Building skills through training: Ideally we have a solid L&D Data Strategy in place that enables us to link learning content with skills and a proficiency level. That way people can select what skills they want to develop and either get recommendations through AI or can search themselves for relevant content themselves. It also provides a great opportunity for analytics by being able to clearly track if people are consuming content in line with your skills strategy and needs. It can create interesting visuals like the ones below from mylearninginsights.com. But the fact that we have linked content with a skill and proficiency level, does NOT mean that the participant has gained the knowledge, or build the skill after consuming the content. That is a big assumption that I have addressed earlier. Unfortunately, many content providers still claim that consuming content = building skills without mentioning this very significant assumption which is a shame as it causes many of us to oversimplify the art and science of building skills.

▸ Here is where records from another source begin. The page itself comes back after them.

definition Ustar :: "'a::linorder set \<Rightarrow> ('a set \<Rightarrow> bool) \<Rightarrow> 'a set \<Rightarrow> 'a set" where
  "Ustar E indep F =
     glex_min {U. U \<subseteq> E \<and> cl_k E indep (int (mrank indep F) - 1) U = F}"

definition Ustar_k :: "'a::linorder set \<Rightarrow> ('a set \<Rightarrow> bool) \<Rightarrow> nat \<Rightarrow> 'a set set" where
  "Ustar_k E indep k = {Ustar E indep F | F. flat E indep F \<and> mrank indep F = k
                          \<and> card (Ustar E indep F) > k}"

definition Ustar_all :: "'a::linorder set \<Rightarrow> ('a set \<Rightarrow> bool) \<Rightarrow> 'a set set" where
  "Ustar_all E indep = (\<Union>k\<in>{0..<mrank indep E}. Ustar_k E indep k)"

end

theory Submission
  imports Defs
begin

text \<open>
  Let \<open>A = U*\<^sub>F \<subseteq> B = U*\<^sub>G\<close> with \<open>rk F = k\<close>, \<open>rk G = l\<close>, \<open>|A| > k\<close>, \<open>|B| > l\<close>.
  The tool is that \<open>cl\<^sub>j(V) = cl\<^sub>j(U)\<close> whenever \<open>V \<subseteq> U\<close> and all of \<open>U - V\<close> lies in the matroid
  closure of some \<open>Y \<subseteq> V\<close> with \<open>|Y| \<le> j\<close>. If \<open>rk A < k\<close>, a basis \<open>I\<close> of \<open>A\<close> would have
  \<open>cl\<^sub>k\<^sub>-\<^sub>1(I) = F\<close> and \<open>|I| < |A|\<close>, against the minimality of \<open>A\<close>; so \<open>rk A = k \<le> l\<close>.
  If \<open>k < l\<close>, an element \<open>x \<in> A - I\<close> lies in the closure of \<open>I \<subseteq> B - {x}\<close> with \<open>|I| \<le> l - 1\<close>,
  so \<open>B - {x}\<close> still generates \<open>G\<close>, against the minimality of \<open>B\<close>. Hence \<open>k = l\<close>; then \<open>G\<close>
  is \<open>(k-1)\<close>-closed and contains \<open>A\<close>, so \<open>F \<subseteq> G\<close>, and flats of equal rank that are nested
  coincide.
\<close>

section \<open>The graded lexicographic order\<close>

lemma glex_less_card_le: "glex_less X Y \<Longrightarrow> card X \<le> card Y"
  unfolding glex_less_def by auto

lemma Min_symdiff_in_iff:
  fixes X Y :: "'a::linorder set"
  assumes "finite X" "finite Y" "X \<noteq> Y"
  shows "Min ((X - Y) \<union> (Y - X)) \<in> X \<longleftrightarrow> (\<exists>a\<in>X - Y. \<forall>x<a. x \<in> X \<longleftrightarrow> x \<in> Y)"
proof -
  let ?D = "(X - Y) \<union> (Y - X)"
  have fin: "finite ?D" and ne: "?D \<noteq> {}" using assms by auto
  have below_Min: "x \<in> X \<longleftrightarrow> x \<in> Y" if "x < Min ?D" for x
  proof -
    have "x \<notin> ?D"
    proof
      assume "x \<in> ?D"
      then have "Min ?D \<le> x" by (rule Min_le[OF fin])
      with that show False by simp
    qed
    then show ?thesis by blast
  qed
  show ?thesis
  proof
    assume "Min ?D \<in> X"
    then show "\<exists>a\<in>X - Y. \<forall>x<a. x \<in> X \<longleftrightarrow> x \<in> Y"
      using Min_in[OF fin ne] below_Min by (intro bexI[of _ "Min ?D"]) auto
  next
    assume "\<exists>a\<in>X - Y. \<forall>x<a. x \<in> X \<longleftrightarrow> x \<in> Y"
    then obtain a where a: "a \<in> X" "a \<notin> Y" "\<forall>x<a. x \<in> X \<longleftrightarrow> x \<in> Y" by auto
    have "Min ?D \<le> a" using a Min_le[OF fin] by auto
    moreover have "\<not> Min ?D < a" using a(3) Min_in[OF fin ne] by blast
    ultimately show "Min ?D \<in> X" using a by auto
  qed
qed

So what to do with assumptions?
As said at the beginning of this post, you cannot perform any analysis without making assumptions as you will never ever have all the relevant data available. However, totally ignoring assumptions altogether will result in incorrect and possibly harmful insights. It could also harm the credibility of L&D if stakeholders find our crucial assumption were made without being clear on this. Especially when others do not agree with your assumptions!
My recommendation is to always include the following 3 (or actually 4) guidelines in your analysis project or product.
- Limit the number of assumptions to the absolute minimum
- Always record every assumption you make, and ideally for each assumption estimate the level of impact of the assumption on your analysis and outcomes
- Test you assumptions periodically to ensure they still hold up. As a minimum the high impact assumptions should be tested through additional data analysis. If no data is available, assumptions can be tested through engagement with you key stakeholders to make sure that they accept them.
The fourth guideline is to be transparent on assumptions and humble in your claims. Transparency will help others understand what assumptions you have made and why, so they can take that information and insights into their context.
Being humble is to be realistic on how well your insights would hold up in the real world. Using ‘perceived impact’ rather than ‘impact’ when analyzing course evaluation data only. Using statements like “people are building skills in these area’s through L&D”, rather than “people have build skills” will help.
Part 2 of the series will address the the very frequent mistake made in statistics and analytics (on purpose or by accident) by mixing up correlation and causation.